[Opening STORED DATA section]

(* Let $T$ be an $L$-theory with $\ulcorner T\urcorner$ arithmetical. There is an arithmetical formula $\Phi_0(X)$ of second-order arithmetic (with one free set variable) such that for every $S\subseteq\mathbb N$, $\Phi_0(S)$ holds if and only if $S=\ulcorner T'\urcorner$ for some maximal consistent Henkin $L(C)$-theory $T'$ containing every universal $L$-sentence provable from $T$.
   Context: $C=\{c_1,c_2,\dots\}$ new constants, $L(C)$ computable. An arithmetical formula is a second-order formula with only number quantifiers. An $L(C)$-theory $T'$ is maximal consistent if it is consistent and (a) whenever $\sigma\mathbin{\dot-}2^{-n}\in T'$ for all $n$, then $\sigma\in T'$; (b) for any restricted sentences $\sigma,\tau$, either $\sigma\mathbin{\dot-}\tau\in T'$ or $\tau\mathbin{\dot-}\sigma\in T'$. $T'$ is Henkin if for every restricted formula $\varphi(x)$ and dyadic rationals $p<q$ there is a constant $c$ with $\min(\sup_x\varphi(x)\mathbin{\dot-}q,\ p\mathbin{\dot-}\varphi(c))\in T'$. $\ulcorner T'\urcorner$ is the set of Gödel numbers of its sentences. *)

theory Defs
  imports Complex_Main "HOL-Library.Nat_Bijection"
begin

section \<open>Continuous first-order logic: syntax (Ben Yaacov--Pedersen style)\<close>

text \<open>Terms of L(C): variables, function symbols of L (coded by naturals), and the
  new constants C = {c_1, c_2, ...}; TCst n stands for c_(n+1).\<close>
datatype trm = TVar nat | TFn nat "trm list" | TCst nat

text \<open>Restricted formulas: atomic d(s,t) and P(ts); connectives neg, half, truncated
  minus; quantifier sup (inf is the abbreviation neg sup neg).\<close>
datatype fm =
    FDist trm trm
  | FPred nat "trm list"
  | FNeg fm
  | FHalf fm
  | FMinus fm fm
  | FSup nat fm

definition FInf :: "nat \<Rightarrow> fm \<Rightarrow> fm" where
  "FInf x \<phi> = FNeg (FSup x (FNeg \<phi>))"

definition FMin :: "fm \<Rightarrow> fm \<Rightarrow> fm" where
  "FMin a b = FMinus a (FMinus a b)"

definition FZero :: fm where "FZero = FSup 0 (FDist (TVar 0) (TVar 0))"
definition FOne :: fm where "FOne = FNeg FZero"

text \<open>dyad m k is the sentence denoting k/2^m (for k \<le> 2^m);
  in particular dyad n 1 = half^n 1 denotes 2^-n.\<close>
fun dyad :: "nat \<Rightarrow> nat \<Rightarrow> fm" where
  "dyad 0 k = (if k = 0 then FZero else FOne)"
| "dyad (Suc m) k = (if k \<le> 2 ^ m then FHalf (dyad m k)
                     else FNeg (FHalf (dyad m (2 ^ Suc m - k))))"

definition canon_dyadic :: "nat \<Rightarrow> nat \<Rightarrow> bool" where
  "canon_dyadic k m \<longleftrightarrow> k \<le> 2 ^ m \<and> (m = 0 \<or> odd k)"

definition dval :: "nat \<Rightarrow> nat \<Rightarrow> real" where
  "dval k m = real k / 2 ^ m"

record lang =
  fsyms :: "nat set"
  psyms :: "nat set"
  farity :: "nat \<Rightarrow> nat"
  parity :: "nat \<Rightarrow> nat"
  fmod :: "nat \<Rightarrow> nat \<Rightarrow> real \<Rightarrow> real"   \<comment> \<open>modulus of uniform continuity of f in argument i\<close>
  pmod :: "nat \<Rightarrow> nat \<Rightarrow> real \<Rightarrow> real"

definition is_lang :: "lang \<Rightarrow> bool" where
  "is_lang L \<longleftrightarrow>
     (\<forall>f i e. f \<in> fsyms L \<longrightarrow> i < farity L f \<longrightarrow> 0 < e \<longrightarrow> e \<le> 1 \<longrightarrow>
        0 < fmod L f i e \<and> fmod L f i e \<le> 1) \<and>
     (\<forall>P i e. P \<in> psyms L \<longrightarrow> i < parity L P \<longrightarrow> 0 < e \<longrightarrow> e \<le> 1 \<longrightarrow>
        0 < pmod L P i e \<and> pmod L P i e \<le> 1)"

fun wf_trm :: "lang \<Rightarrow> bool \<Rightarrow> trm \<Rightarrow> bool" where
  "wf_trm L b (TVar x) = True"
| "wf_trm L b (TCst c) = b"
| "wf_trm L b (TFn f ts) = (f \<in> fsyms L \<and> length ts = farity L f \<and> (\<forall>t\<in>set ts. wf_trm L b t))"

text \<open>b = True: formulas of L(C); b = False: formulas of L.\<close>
fun wf_fm :: "lang \<Rightarrow> bool \<Rightarrow> fm \<Rightarrow> bool" where
  "wf_fm L b (FDist s t) = (wf_trm L b s \<and> wf_trm L b t)"
| "wf_fm L b (FPred P ts) = (P \<in> psyms L \<and> length ts = parity L P \<and> (\<forall>t\<in>set ts. wf_trm L b t))"
| "wf_fm L b (FNeg \<phi>) = wf_fm L b \<phi>"
| "wf_fm L b (FHalf \<phi>) = wf_fm L b \<phi>"
| "wf_fm L b (FMinus \<phi> \<psi>) = (wf_fm L b \<phi> \<and> wf_fm L b \<psi>)"
| "wf_fm L b (FSup x \<phi>) = wf_fm L b \<phi>"

fun fv_trm :: "trm \<Rightarrow> nat set" where
  "fv_trm (TVar x) = {x}"
| "fv_trm (TCst c) = {}"
| "fv_trm (TFn f ts) = (\<Union>t\<in>set ts. fv_trm t)"

fun fv_fm :: "fm \<Rightarrow> nat set" where
  "fv_fm (FDist s t) = fv_trm s \<union> fv_trm t"
| "fv_fm (FPred P ts) = (\<Union>t\<in>set ts. fv_trm t)"
| "fv_fm (FNeg \<phi>) = fv_fm \<phi>"
| "fv_fm (FHalf \<phi>) = fv_fm \<phi>"
| "fv_fm (FMinus \<phi> \<psi>) = fv_fm \<phi> \<union> fv_fm \<psi>"
| "fv_fm (FSup x \<phi>) = fv_fm \<phi> - {x}"

fun subst_trm :: "nat \<Rightarrow> trm \<Rightarrow> trm \<Rightarrow> trm" where
  "subst_trm x t (TVar y) = (if y = x then t else TVar y)"
| "subst_trm x t (TCst c) = TCst c"
| "subst_trm x t (TFn f ts) = TFn f (map (subst_trm x t) ts)"

fun subst_fm :: "nat \<Rightarrow> trm \<Rightarrow> fm \<Rightarrow> fm" where
  "subst_fm x t (FDist s u) = FDist (subst_trm x t s) (subst_trm x t u)"
| "subst_fm x t (FPred P ts) = FPred P (map (subst_trm x t) ts)"
| "subst_fm x t (FNeg \<phi>) = FNeg (subst_fm x t \<phi>)"
| "subst_fm x t (FHalf \<phi>) = FHalf (subst_fm x t \<phi>)"
| "subst_fm x t (FMinus \<phi> \<psi>) = FMinus (subst_fm x t \<phi>) (subst_fm x t \<psi>)"
| "subst_fm x t (FSup y \<phi>) = (if y = x then FSup y \<phi> else FSup y (subst_fm x t \<phi>))"

fun free_for :: "nat \<Rightarrow> trm \<Rightarrow> fm \<Rightarrow> bool" where
  "free_for x t (FDist s u) = True"
| "free_for x t (FPred P ts) = True"
| "free_for x t (FNeg \<phi>) = free_for x t \<phi>"
| "free_for x t (FHalf \<phi>) = free_for x t \<phi>"
| "free_for x t (FMinus \<phi> \<psi>) = (free_for x t \<phi> \<and> free_for x t \<psi>)"
| "free_for x t (FSup y \<phi>) = (x \<notin> fv_fm (FSup y \<phi>) \<or> (y \<notin> fv_trm t \<and> free_for x t \<phi>))"

fun qfree :: "fm \<Rightarrow> bool" where
  "qfree (FSup x \<phi>) = False"
| "qfree (FNeg \<phi>) = qfree \<phi>"
| "qfree (FHalf \<phi>) = qfree \<phi>"
| "qfree (FMinus \<phi> \<psi>) = (qfree \<phi> \<and> qfree \<psi>)"
| "qfree (FDist s t) = True"
| "qfree (FPred P ts) = True"

fun universal :: "fm \<Rightarrow> bool" where
  "universal (FSup x \<phi>) = universal \<phi>"
| "universal \<phi> = qfree \<phi>"

definition sentence :: "lang \<Rightarrow> bool \<Rightarrow> fm \<Rightarrow> bool" where
  "sentence L b \<sigma> \<longleftrightarrow> wf_fm L b \<sigma> \<and> fv_fm \<sigma> = {}"

definition is_theory :: "lang \<Rightarrow> bool \<Rightarrow> fm set \<Rightarrow> bool" where
  "is_theory L b T \<longleftrightarrow> (\<forall>\<sigma>\<in>T. sentence L b \<sigma>)"

section \<open>The Ben Yaacov--Pedersen proof system\<close>

inductive deriv :: "lang \<Rightarrow> bool \<Rightarrow> fm set \<Rightarrow> fm \<Rightarrow> bool" for L b \<Gamma> where
  hyp: "\<phi> \<in> \<Gamma> \<Longrightarrow> wf_fm L b \<phi> \<Longrightarrow> deriv L b \<Gamma> \<phi>"
| A1: "wf_fm L b \<phi> \<Longrightarrow> wf_fm L b \<psi> \<Longrightarrow> deriv L b \<Gamma> (FMinus (FMinus \<phi> \<psi>) \<phi>)"
| A2: "wf_fm L b \<phi> \<Longrightarrow> wf_fm L b \<psi> \<Longrightarrow> wf_fm L b \<chi> \<Longrightarrow>
       deriv L b \<Gamma> (FMinus (FMinus (FMinus \<chi> \<phi>) (FMinus \<chi> \<psi>)) (FMinus \<psi> \<phi>))"
| A3: "wf_fm L b \<phi> \<Longrightarrow> wf_fm L b \<psi> \<Longrightarrow>
       deriv L b \<Gamma> (FMinus (FMinus \<phi> (FMinus \<phi> \<psi>)) (FMinus \<psi> (FMinus \<psi> \<phi>)))"
| A4: "wf_fm L b \<phi> \<Longrightarrow> wf_fm L b \<psi> \<Longrightarrow>
       deriv L b \<Gamma> (FMinus (FMinus (FNeg \<phi>) (FNeg \<psi>)) (FMinus \<psi> \<phi>))"
| A5: "wf_fm L b \<phi> \<Longrightarrow> deriv L b \<Gamma> (FMinus (FHalf \<phi>) (FMinus \<phi> (FHalf \<phi>)))"
| A6: "wf_fm L b \<phi> \<Longrightarrow> deriv L b \<Gamma> (FMinus (FMinus \<phi> (FHalf \<phi>)) (FHalf \<phi>))"
| A7: "wf_fm L b \<phi> \<Longrightarrow> wf_fm L b \<psi> \<Longrightarrow>
       deriv L b \<Gamma> (FMinus (FMinus (FSup x \<psi>) (FSup x \<phi>)) (FSup x (FMinus \<psi> \<phi>)))"
| A8: "wf_fm L b \<phi> \<Longrightarrow> wf_trm L b t \<Longrightarrow> free_for x t \<phi> \<Longrightarrow>
       deriv L b \<Gamma> (FMinus (subst_fm x t \<phi>) (FSup x \<phi>))"
| A9: "wf_fm L b \<phi> \<Longrightarrow> x \<notin> fv_fm \<phi> \<Longrightarrow> deriv L b \<Gamma> (FMinus (FSup x \<phi>) \<phi>)"
| A10: "deriv L b \<Gamma> (FDist (TVar x) (TVar x))"
| A11: "deriv L b \<Gamma> (FMinus (FDist (TVar x) (TVar y)) (FDist (TVar y) (TVar x)))"
| A12: "deriv L b \<Gamma> (FMinus (FMinus (FDist (TVar x) (TVar z)) (FDist (TVar x) (TVar y)))
                               (FDist (TVar y) (TVar z)))"
| A13: "f \<in> fsyms L \<Longrightarrow> length xs = farity L f \<Longrightarrow> i < length xs \<Longrightarrow>
        canon_dyadic kr mr \<Longrightarrow> canon_dyadic ke me \<Longrightarrow> 0 < kr \<Longrightarrow> 0 < ke \<Longrightarrow>
        dval kr mr < fmod L f i (dval ke me) \<Longrightarrow>
        deriv L b \<Gamma> (FMin (FMinus (FDist (TFn f (map TVar (xs[i := z]))) (TFn f (map TVar (xs[i := w]))))
                                  (dyad me ke))
                          (FMinus (dyad mr kr) (FDist (TVar z) (TVar w))))"
| A14: "P \<in> psyms L \<Longrightarrow> length xs = parity L P \<Longrightarrow> i < length xs \<Longrightarrow>
        canon_dyadic kr mr \<Longrightarrow> canon_dyadic ke me \<Longrightarrow> 0 < kr \<Longrightarrow> 0 < ke \<Longrightarrow>
        dval kr mr < pmod L P i (dval ke me) \<Longrightarrow>
        deriv L b \<Gamma> (FMin (FMinus (FMinus (FPred P (map TVar (xs[i := z]))) (FPred P (map TVar (xs[i := w]))))
                                  (dyad me ke))
                          (FMinus (dyad mr kr) (FDist (TVar z) (TVar w))))"
| MP: "deriv L b \<Gamma> \<phi> \<Longrightarrow> deriv L b \<Gamma> (FMinus \<psi> \<phi>) \<Longrightarrow> deriv L b \<Gamma> \<psi>"
| Gen: "deriv L b \<Gamma> \<phi> \<Longrightarrow> deriv L b \<Gamma> (FSup x \<phi>)"

definition consistent :: "lang \<Rightarrow> bool \<Rightarrow> fm set \<Rightarrow> bool" where
  "consistent L b \<Gamma> \<longleftrightarrow> (\<exists>\<phi>. wf_fm L b \<phi> \<and> \<not> deriv L b \<Gamma> \<phi>)"

definition max_consistent :: "lang \<Rightarrow> fm set \<Rightarrow> bool" where
  "max_consistent L T' \<longleftrightarrow> consistent L True T' \<and>
     (\<forall>\<sigma>. sentence L True \<sigma> \<longrightarrow> (\<forall>n. FMinus \<sigma> (dyad n 1) \<in> T') \<longrightarrow> \<sigma> \<in> T') \<and>
     (\<forall>\<sigma> \<tau>. sentence L True \<sigma> \<longrightarrow> sentence L True \<tau> \<longrightarrow>
        FMinus \<sigma> \<tau> \<in> T' \<or> FMinus \<tau> \<sigma> \<in> T')"

definition henkin :: "lang \<Rightarrow> fm set \<Rightarrow> bool" where
  "henkin L T' \<longleftrightarrow>
     (\<forall>\<phi> x kp mp kq mq. wf_fm L True \<phi> \<longrightarrow> fv_fm \<phi> \<subseteq> {x} \<longrightarrow>
        canon_dyadic kp mp \<longrightarrow> canon_dyadic kq mq \<longrightarrow> dval kp mp < dval kq mq \<longrightarrow>
        (\<exists>c. FMin (FMinus (FSup x \<phi>) (dyad mq kq)) (FMinus (dyad mp kp) (subst_fm x (TCst c) \<phi>)) \<in> T'))"

primrec enc_trm :: "trm \<Rightarrow> nat" where
  "enc_trm (TVar x) = prod_encode (0, x)"
| "enc_trm (TFn f ts) = prod_encode (1, prod_encode (f, list_encode (map enc_trm ts)))"
| "enc_trm (TCst c) = prod_encode (2, c)"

[Closing STORED DATA section]

◆ **ABOUT THIS TASK**:
The required output is every line above from the one with "x) (TVar y)))" down to the one with "deriv L b \<Gamma> (FMin (FMinus (FMinus", restated word for word, ends included.

◆ **REPLY**:
| A12: "deriv L b \<Gamma> (FMinus (FMinus (FDist (TVar x) (TVar z)) (FDist (TVar x) (TVar y)))
                               (FDist (TVar y) (TVar z)))"
| A13: "f \<in> fsyms L \<Longrightarrow> length xs = farity L f \<Longrightarrow> i < length xs \<Longrightarrow>
        canon_dyadic kr mr \<Longrightarrow> canon_dyadic ke me \<Longrightarrow> 0 < kr \<Longrightarrow> 0 < ke \<Longrightarrow>
        dval kr mr < fmod L f i (dval ke me) \<Longrightarrow>
        deriv L b \<Gamma> (FMin (FMinus (FDist (TFn f (map TVar (xs[i := z]))) (TFn f (map TVar (xs[i := w]))))
                                  (dyad me ke))
                          (FMinus (dyad mr kr) (FDist (TVar z) (TVar w))))"
| A14: "P \<in> psyms L \<Longrightarrow> length xs = parity L P \<Longrightarrow> i < length xs \<Longrightarrow>
        canon_dyadic kr mr \<Longrightarrow> canon_dyadic ke me \<Longrightarrow> 0 < kr \<Longrightarrow> 0 < ke \<Longrightarrow>
        dval kr mr < pmod L P i (dval ke me) \<Longrightarrow>
        deriv L b \<Gamma> (FMin (FMinus (FMinus (FPred P (map TVar (xs[i := z]))) (FPred P (map TVar (xs[i := w]))))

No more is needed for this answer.